» **Exercise aim**: Only the lines from the one containing "using False y" through the one containing "(* It is the" should be printed, exactly as they appear below, with both ends included.

** Opening Working data block **

(* Assume the setup described in the context (graph $G$ with $n-1\ge 3$ vertices and $s\ge3$ edges, $M=K_1\vee G$ with $\ell=s+n-1$ edges $e_1,\dots,e_\ell$, the normalized $m$-fold cover $\mathcal{H}=(L,H)$ of $M$, and the quantities $t$, $P_3,\dots,P_6$, $x_\mathcal{H}$, $S_i$). Then: (i) $\displaystyle\sum_{1\le i_1<i_2<i_3\le \ell}\left|\bigcap_{j=1}^3 S_{i_j}\right| \le t\,m^{n-2} - x_\mathcal{H}\,m^{n-3} + |P_3|\,m^{n-3}$; (ii) $\displaystyle\sum_{1\le i_1<\cdots<i_4\le \ell}\left|\bigcap_{j=1}^4 S_{i_j}\right| \ge |P_4|\,m^{n-3} - 2|P_4|\,x_\mathcal{H}\,m^{n-4}$; (iii) $\displaystyle\sum_{1\le i_1<\cdots<i_5\le \ell}\left|\bigcap_{j=1}^5 S_{i_j}\right| \le |P_5|\,m^{n-3} + \left(\binom{\ell}{5}-|P_5|\right)m^{n-4}$; (iv) $\displaystyle\sum_{1\le i_1<\cdots<i_6\le \ell}\left|\bigcap_{j=1}^6 S_{i_j}\right| \ge |P_6|\,m^{n-3} - 2|P_6|\,x_\mathcal{H}\,m^{n-4}$; (v) for every integer $k\ge 7$, $\displaystyle\sum_{1\le i_1<\cdots<i_k\le \ell}\left|\bigcap_{j=1}^k S_{i_j}\right| \le \binom{\ell}{k} m^{n-4}$.
   Context: All graphs are finite and simple; $[m]=\{1,\dots,m\}$. For $S,U \subseteq V(H)$, $E_H(S,U)$ is the set of edges of $H$ with one endpoint in $S$ and the other in $U$. A cover of a graph $G$ is a pair $\mathcal{H}=(L,H)$ where $H$ is a graph and $L: V(G)\to \mathcal{P}(V(H))$ satisfies: (1) $\{L(u): u\in V(G)\}$ is a partition of $V(H)$; (2) for each $u \in V(G)$, $H[L(u)]$ is complete; (3) if $E_H(L(u),L(v))\neq\emptyset$ then $u=v$ or $uv\in E(G)$; (4) if $uv \in E(G)$ then $E_H(L(u),L(v))$ is a matching (possibly empty). The cover is $m$-fold if $|L(u)|=m$ for all $u$. Setup: $G$ is a graph with $n-1$ vertices, where $n\ge 4$, and $s\ge 3$ edges $e_1,\dots,e_s$, with $e_i=u_iv_i$. $M=K_1\vee G$ is obtained by adding a new vertex $w$ adjacent to all vertices of $G$; so $M$ has $n$ vertices, and its $n-1$ edges incident to $w$ are labeled $e_{s+1},\dots,e_{s+n-1}$, so $E(M)=\{e_1,\dots,e_\ell\}$ with $\ell=s+n-1$. $t$ denotes the number of 3-cycles in $M$. For $i\in\{3,4,5,6\}$, $P_i$ is the set of edge sets $A\subseteq E(M)$ with $|A|=i$ such that the spanning subgraph $(V(M),A)$ has exactly $n-3$ connected components. $m\in\mathbb{N}$ and $\mathcal{H}=(L,H)$ is an $m$-fold cover of $M$ such that $|E_H(L(u),L(v))|=m$ for every $uv\in E(M)$, the vertices of $H$ are named so that $L(u)=\{(u,j):j\in[m]\}$ for each $u\in V(M)$, and $(w,j)(v,j)\in E(H)$ for every $v\in V(G)$ and $j\in[m]$. For $i\in[s]$, $x_{i}$ is the number of edges of $E_H(L(u_i),L(v_i))$ joining $(u_i,j)$ and $(v_i,j')$ with $j\ne j'$, and $x_\mathcal{H}=\sum_{i=1}^s x_i$. Let $\mathcal{U}=\{I\subseteq V(H): |I\cap L(v)|=1 \text{ for all } v\in V(M)\}$ and, for $i\in[\ell]$ with $e_i=ab$, let $S_i$ be the set of $I\in\mathcal{U}$ such that the induced subgraph $H[I]$ contains an edge of $E_H(L(a),L(b))$. *)

theory Defs
  imports Main
begin

definition sgraph :: "'a set \<Rightarrow> 'a set set \<Rightarrow> bool" where
  "sgraph Vs Es \<longleftrightarrow> finite Vs \<and>
     (\<forall>e\<in>Es. \<exists>a b. e = {a, b} \<and> a \<noteq> b \<and> a \<in> Vs \<and> b \<in> Vs)"

definition joinV :: "'v set \<Rightarrow> 'v \<Rightarrow> 'v set" where
  "joinV V w = insert w V"

definition joinE :: "'v set \<Rightarrow> 'v set set \<Rightarrow> 'v \<Rightarrow> 'v set set" where
  "joinE V E w = E \<union> {{w, v} | v. v \<in> V}"

definition fib :: "nat \<Rightarrow> 'v \<Rightarrow> ('v \<times> nat) set" where
  "fib m u = {u} \<times> {1..m}"

definition edges_between :: "'a set set \<Rightarrow> 'a set \<Rightarrow> 'a set \<Rightarrow> 'a set set" where
  "edges_between EH S U = {f \<in> EH. \<exists>x\<in>S. \<exists>y\<in>U. f = {x, y}}"

definition is_matching :: "'a set set \<Rightarrow> bool" where
  "is_matching F \<longleftrightarrow> (\<forall>f\<in>F. \<forall>g\<in>F. f \<noteq> g \<longrightarrow> f \<inter> g = {})"
lemma diff_vanishes_Union:
  fixes S :: "'i \<Rightarrow> (real ^ 'n::finite) set"
  assumes I: "finite I" and bounded: "\<And>i. i \<in> I \<Longrightarrow> bounded (S i)"
    and meet: "\<And>K. K \<subseteq> I \<Longrightarrow> K \<noteq> {} \<Longrightarrow> (\<Inter>i\<in>K. S i) \<noteq> {}"
    and vanish: "\<And>K. K \<subseteq> I \<Longrightarrow> K \<noteq> {} \<Longrightarrow> diff_vanishes N (lattice_count (\<Inter>i\<in>K. S i))"
  shows "diff_vanishes N (lattice_count (\<Union>i\<in>I. S i))"
proof -
  have "diff_vanishes N
      (\<lambda>t. \<Sum>K | K \<subseteq> I \<and> K \<noteq> {}. (- 1) ^ (card K + 1) * lattice_count (\<Inter>i\<in>K. S i) t)"
    by (rule diff_vanishes_sum) (use vanish in auto)
  moreover have "lattice_count (\<Union>i\<in>I. S i)
      = (\<lambda>t. \<Sum>K | K \<subseteq> I \<and> K \<noteq> {}. (- 1) ^ (card K + 1) * lattice_count (\<Inter>i\<in>K. S i) t)"
    by (simp add: fun_eq_iff lattice_count_incl_excl[OF I bounded meet])
  ultimately show ?thesis by simp
qed

lemma cone_point_on_segment:
  fixes a :: "'a::real_vector"
  assumes "convex W" "x \<in> convex hull (insert a W)" "x \<noteq> a"
  obtains y where "y \<in> W" "x \<in> closed_segment a y"
  using assms by (auto simp: convex_hull_insert_segments hull_same split: if_splits)

lemma cone_UN:
  fixes U :: "'i \<Rightarrow> 'a::real_vector set"
  assumes "I \<noteq> {}" "convex (\<Union>i\<in>I. U i)" "\<And>i. i \<in> I \<Longrightarrow> convex (U i)"
  shows "convex hull (insert a (\<Union>i\<in>I. U i)) = (\<Union>i\<in>I. convex hull (insert a (U i)))"
proof (intro equalityI subsetI)
  fix x assume x: "x \<in> convex hull (insert a (\<Union>i\<in>I. U i))"
  show "x \<in> (\<Union>i\<in>I. convex hull (insert a (U i)))"
  proof (cases "x = a")
    case True
    then show ?thesis using assms(1) by (auto intro: hull_inc)
  next
    case False
    then obtain i y where "i \<in> I" "y \<in> U i" "x \<in> closed_segment a y"
      using cone_point_on_segment[OF assms(2) x] by blast
    moreover have "closed_segment a y \<subseteq> convex hull (insert a (U i))"
      unfolding segment_convex_hull using \<open>y \<in> U i\<close> by (intro hull_mono) auto
    ultimately show ?thesis by blast
  qed
next
  fix x assume "x \<in> (\<Union>i\<in>I. convex hull (insert a (U i)))"
  then obtain i where "i \<in> I" "x \<in> convex hull (insert a (U i))" by blast
  moreover have "convex hull (insert a (U i)) \<subseteq> convex hull (insert a (\<Union>i\<in>I. U i))" if "i \<in> I"
    using that by (intro hull_mono) auto
  ultimately show "x \<in> convex hull (insert a (\<Union>i\<in>I. U i))" by blast
qed

lemma cone_INT:
  fixes W :: "'i \<Rightarrow> 'a::real_vector set"
  assumes J: "J \<noteq> {}" and convex: "\<And>j. j \<in> J \<Longrightarrow> convex (W j)"
    and unique: "\<And>i j y y' x. \<lbrakk>i \<in> J; j \<in> J; y \<in> W i; y' \<in> W j; x \<in> closed_segment a y;
                    x \<in> closed_segment a y'; x \<noteq> a\<rbrakk> \<Longrightarrow> y = y'"
  shows "(\<Inter>j\<in>J. convex hull (insert a (W j))) = convex hull (insert a (\<Inter>j\<in>J. W j))"
proof (intro equalityI subsetI)
  fix x assume x: "x \<in> (\<Inter>j\<in>J. convex hull (insert a (W j)))"
  show "x \<in> convex hull (insert a (\<Inter>j\<in>J. W j))"
  proof (cases "x = a")
    case True
    then show ?thesis by (simp add: hull_inc)
  next
    case False
    obtain j0 where j0: "j0 \<in> J" using J by blast
    obtain y where y: "y \<in> W j0" "x \<in> closed_segment a y"
      using cone_point_on_segment[OF convex[OF j0] _ False] x j0 by blast
    have "y \<in> W j" if j: "j \<in> J" for j
    proof -
      obtain y' where "y' \<in> W j" "x \<in> closed_segment a y'"
        using cone_point_on_segment[OF convex[OF j] _ False] x j by blast
      then show ?thesis using unique[OF j0 j y(1)] y(2) False by metis
    qed
    then have "closed_segment a y \<subseteq> convex hull (insert a (\<Inter>j\<in>J. W j))"
      unfolding segment_convex_hull by (intro hull_mono) auto
    then show ?thesis using y(2) by blast
  qed
next
  fix x assume "x \<in> convex hull (insert a (\<Inter>j\<in>J. W j))"
  then show "x \<in> (\<Inter>j\<in>J. convex hull (insert a (W j)))"
    using hull_mono[of "insert a (\<Inter>j\<in>J. W j)"] by blast
qed

lemma segment_from_outside_affine_unique:
  fixes a :: "'a::real_vector"
  assumes a: "a \<notin> affine hull Z" and y: "y \<in> Z" "y' \<in> Z"
    and x: "x \<in> closed_segment a y" "x \<in> closed_segment a y'" and xa: "x \<noteq> a"
  shows "y = y'"
proof -
  obtain s where s: "0 \<le> s" "s \<le> 1" "x = (1 - s) *\<^sub>R a + s *\<^sub>R y"
    using x(1) by (auto simp: in_segment)
  obtain s' where s': "0 \<le> s'" "s' \<le> 1" "x = (1 - s') *\<^sub>R a + s' *\<^sub>R y'"
    using x(2) by (auto simp: in_segment)
  have "s \<noteq> 0" using s xa by auto
  have eq: "s *\<^sub>R y - s' *\<^sub>R y' = (s - s') *\<^sub>R a"
    using s(3) s'(3) by (simp add: algebra_simps)
  show ?thesis
  proof (cases "s = s'")
    case True
    then show ?thesis using eq \<open>s \<noteq> 0\<close> by simp
  next
    case False
    have "a = (1 / (s - s')) *\<^sub>R (s *\<^sub>R y - s' *\<^sub>R y')"
      using False by (simp add: eq)
    also have "\<dots> = (s / (s - s')) *\<^sub>R y + (- s' / (s - s')) *\<^sub>R y'"
      by (simp add: scaleR_diff_right)
    also have "\<dots> \<in> affine hull Z"
      using False y by (intro mem_affine[OF affine_affine_hull] hull_inc) (auto simp: divide_simps)
    finally show ?thesis using a by simp
  qed
qed

(* It is the device that lets the induction on dimension run: intersecting the cones from a
   vertex w of G produces a pyramid over a lower-dimensional face, with w as a new apex. *)
fun iter_pyramid :: "'a::euclidean_space list \<Rightarrow> 'a set \<Rightarrow> 'a set" where
  "iter_pyramid [] G = G"
| "iter_pyramid (a # A) G = convex hull (insert a (iter_pyramid A G))"

fun apexes_independent :: "'a::euclidean_space list \<Rightarrow> 'a set \<Rightarrow> bool" where
  "apexes_independent [] G \<longleftrightarrow> True"
| "apexes_independent (a # A) G \<longleftrightarrow> apexes_independent A G \<and> a \<notin> affine hull (iter_pyramid A G)"

lemma iter_pyramid_append: "iter_pyramid (A @ B) G = iter_pyramid A (iter_pyramid B G)"
  by (induction A) auto

lemma apexes_independent_append:
  "apexes_independent (A @ B) G \<longleftrightarrow> apexes_independent B G \<and> apexes_independent A (iter_pyramid B G)"
  by (induction A) (auto simp: iter_pyramid_append)

lemma iter_pyramid_mono: "Y \<subseteq> G \<Longrightarrow> iter_pyramid A Y \<subseteq> iter_pyramid A G"
  by (induction A) (simp_all add: hull_mono[OF insert_mono])

lemma convex_iter_pyramid: "convex G \<Longrightarrow> convex (iter_pyramid A G)"
  by (induction A) auto

lemma compact_iter_pyramid: "compact G \<Longrightarrow> compact (iter_pyramid A G)"
  by (induction A) (auto intro: compact_convex_hull)

lemma iter_pyramid_nonempty: "A \<noteq> [] \<Longrightarrow> iter_pyramid A G \<noteq> {}"
  by (cases A) auto

lemma apexes_independent_mono: "apexes_independent A G \<Longrightarrow> Y \<subseteq> G \<Longrightarrow> apexes_independent A Y"
proof (induction A)
  case (Cons a A)
  then have "affine hull (iter_pyramid A Y) \<subseteq> affine hull (iter_pyramid A G)"
    by (intro hull_mono iter_pyramid_mono)
  then show ?case using Cons by auto
qed simp

lemma iter_pyramid_simplex:
  assumes "\<not> affine_dependent B" "apexes_independent A (convex hull B)"
  shows "iter_pyramid A (convex hull B) = convex hull (set A \<union> B) \<and> \<not> affine_dependent (set A \<union> B)"
  using assms(2)
proof (induction A)
  case (Cons a A)
  then have IH: "iter_pyramid A (convex hull B) = convex hull (set A \<union> B)" "\<not> affine_dependent (set A \<union> B)"
    and a: "a \<notin> affine hull (set A \<union> B)"
    by auto
  have "iter_pyramid (a # A) (convex hull B) = convex hull (insert a (convex hull (set A \<union> B)))"
    by (simp add: IH(1))
  also have "\<dots> = convex hull (set (a # A) \<union> B)"
    by (simp add: hull_insert[symmetric])
  finally show ?case using IH(2) a affine_independent_insert by auto
qed (use assms in simp)

lemma iter_pyramid_UN:
  assumes "I \<noteq> {}" "convex (\<Union>i\<in>I. Y i)" "\<And>i. i \<in> I \<Longrightarrow> convex (Y i)"
  shows "iter_pyramid A (\<Union>i\<in>I. Y i) = (\<Union>i\<in>I. iter_pyramid A (Y i))"
proof (induction A)
  case (Cons a A)
  have "convex (\<Union>i\<in>I. iter_pyramid A (Y i))"
    using convex_iter_pyramid[OF assms(2), of A] by (simp only: Cons.IH)
  then have "convex hull (insert a (\<Union>i\<in>I. iter_pyramid A (Y i)))
      = (\<Union>i\<in>I. convex hull (insert a (iter_pyramid A (Y i))))"
    using assms(1,3) by (intro cone_UN) (auto intro: convex_iter_pyramid)
  then show ?case using Cons.IH by simp
qed simp

lemma iter_pyramid_INT:
  assumes J: "J \<noteq> {}" and indep: "apexes_independent A Z"
    and Y: "\<And>j. j \<in> J \<Longrightarrow> Y j \<subseteq> Z \<and> convex (Y j)"
  shows "(\<Inter>j\<in>J. iter_pyramid A (Y j)) = iter_pyramid A (\<Inter>j\<in>J. Y j)"
  using indep
proof (induction A)
  case (Cons a A)
  have a: "a \<notin> affine hull (iter_pyramid A Z)" using Cons.prems by simp
  have sub: "iter_pyramid A (Y j) \<subseteq> iter_pyramid A Z" "convex (iter_pyramid A (Y j))" if "j \<in> J" for j
    using Y[OF that] by (simp_all add: iter_pyramid_mono convex_iter_pyramid)
  have "(\<Inter>j\<in>J. convex hull (insert a (iter_pyramid A (Y j))))
      = convex hull (insert a (\<Inter>j\<in>J. iter_pyramid A (Y j)))"
    using J sub segment_from_outside_affine_unique[OF a] by (intro cone_INT) blast+
  then show ?case using Cons by simp
qed simp

lemma halfspace_exit_eq:
  fixes c :: "'a::real_inner"
  assumes "c \<bullet> w < b" "c \<bullet> y1 = b" "c \<bullet> y2 \<le> b" "s1 *\<^sub>R (y1 - w) = s2 *\<^sub>R (y2 - w)"
    and "0 < s2" "s2 \<le> s1"
  shows "y1 = y2"
proof -
  have "s1 * (c \<bullet> y1 - c \<bullet> w) = s2 * (c \<bullet> y2 - c \<bullet> w)"
    using arg_cong[OF assms(4), of "\<lambda>v. c \<bullet> v"] by (simp add: inner_diff_right)
  also have "\<dots> \<le> s2 * (b - c \<bullet> w)" using assms by (intro mult_left_mono) auto
  finally have "s1 \<le> s2" using assms(1,2) by (simp add: mult_le_cancel_right)
  then have "s1 = s2" using assms by simp
  then show ?thesis using assms(4,5) by simp
qed

lemma segment_exit_unique:
  fixes w :: "'a::real_inner"
  assumes G1: "G \<subseteq> {z. c1 \<bullet> z \<le> b1}" "c1 \<bullet> w < b1" "c1 \<bullet> y1 = b1"
      and G2: "G \<subseteq> {z. c2 \<bullet> z \<le> b2}" "c2 \<bullet> w < b2" "c2 \<bullet> y2 = b2"
      and y: "y1 \<in> G" "y2 \<in> G"
      and x: "x \<in> closed_segment w y1" "x \<in> closed_segment w y2" "x \<noteq> w"
  shows "y1 = y2"
proof -
  obtain s1 where s1: "0 \<le> s1" "x = (1 - s1) *\<^sub>R w + s1 *\<^sub>R y1" using x(1) by (auto simp: in_segment)
  obtain s2 where s2: "0 \<le> s2" "x = (1 - s2) *\<^sub>R w + s2 *\<^sub>R y2" using x(2) by (auto simp: in_segment)
  have "s1 \<noteq> 0" "s2 \<noteq> 0" using s1 s2 x(3) by auto
  have eq: "s1 *\<^sub>R (y1 - w) = s2 *\<^sub>R (y2 - w)"
    using s1(2) s2(2) by (simp add: algebra_simps)
  show ?thesis
  proof (cases "s2 \<le> s1")
    case True
    show ?thesis
      by (rule halfspace_exit_eq[OF G1(2,3) _ eq]) (use G1(1) y(2) \<open>s2 \<noteq> 0\<close> s2 True in auto)
  next
    case False
    have "y2 = y1"
      by (rule halfspace_exit_eq[OF G2(2,3) _ eq[symmetric]]) (use G2(1) y(1) \<open>s1 \<noteq> 0\<close> s1 False in auto)
    then show ?thesis by simp
  qed
qed

context
  fixes G :: "'a::euclidean_space set" and F :: "'a set set"
    and normal :: "'a set \<Rightarrow> 'a" and offset :: "'a set \<Rightarrow> real"
  assumes finF: "finite F" and G_eq: "G = affine hull G \<inter> \<Inter>F"
    and halfspace: "\<And>h. h \<in> F \<Longrightarrow> h = {z. normal h \<bullet> z \<le> offset h}"
    and bounded: "bounded G"
begin

lemma polyhedron_le: "z \<in> G \<Longrightarrow> h \<in> F \<Longrightarrow> normal h \<bullet> z \<le> offset h"
  using G_eq halfspace by blast

lemma ray_in_polyhedron:
  assumes "w \<in> G" "x \<in> G" "\<And>h. h \<in> F \<Longrightarrow> normal h \<bullet> (w + s *\<^sub>R (x - w)) \<le> offset h"
  shows "w + s *\<^sub>R (x - w) \<in> G"
proof -
  have "(1 - s) *\<^sub>R w + s *\<^sub>R x \<in> affine hull G"
    by (rule mem_affine[OF affine_affine_hull]) (use assms hull_inc in auto)
  then have "w + s *\<^sub>R (x - w) \<in> affine hull G" by (simp add: algebra_simps)
  moreover have "w + s *\<^sub>R (x - w) \<in> \<Inter>F" using assms(3) halfspace by blast
  ultimately show ?thesis using G_eq by blast
qed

** Closing Working data block **

» **Output below**:
      using False y by (intro mem_affine[OF affine_affine_hull] hull_inc) (auto simp: divide_simps)
    finally show ?thesis using a by simp
  qed
qed

(* It is the device that lets the induction on dimension run: intersecting the cones from a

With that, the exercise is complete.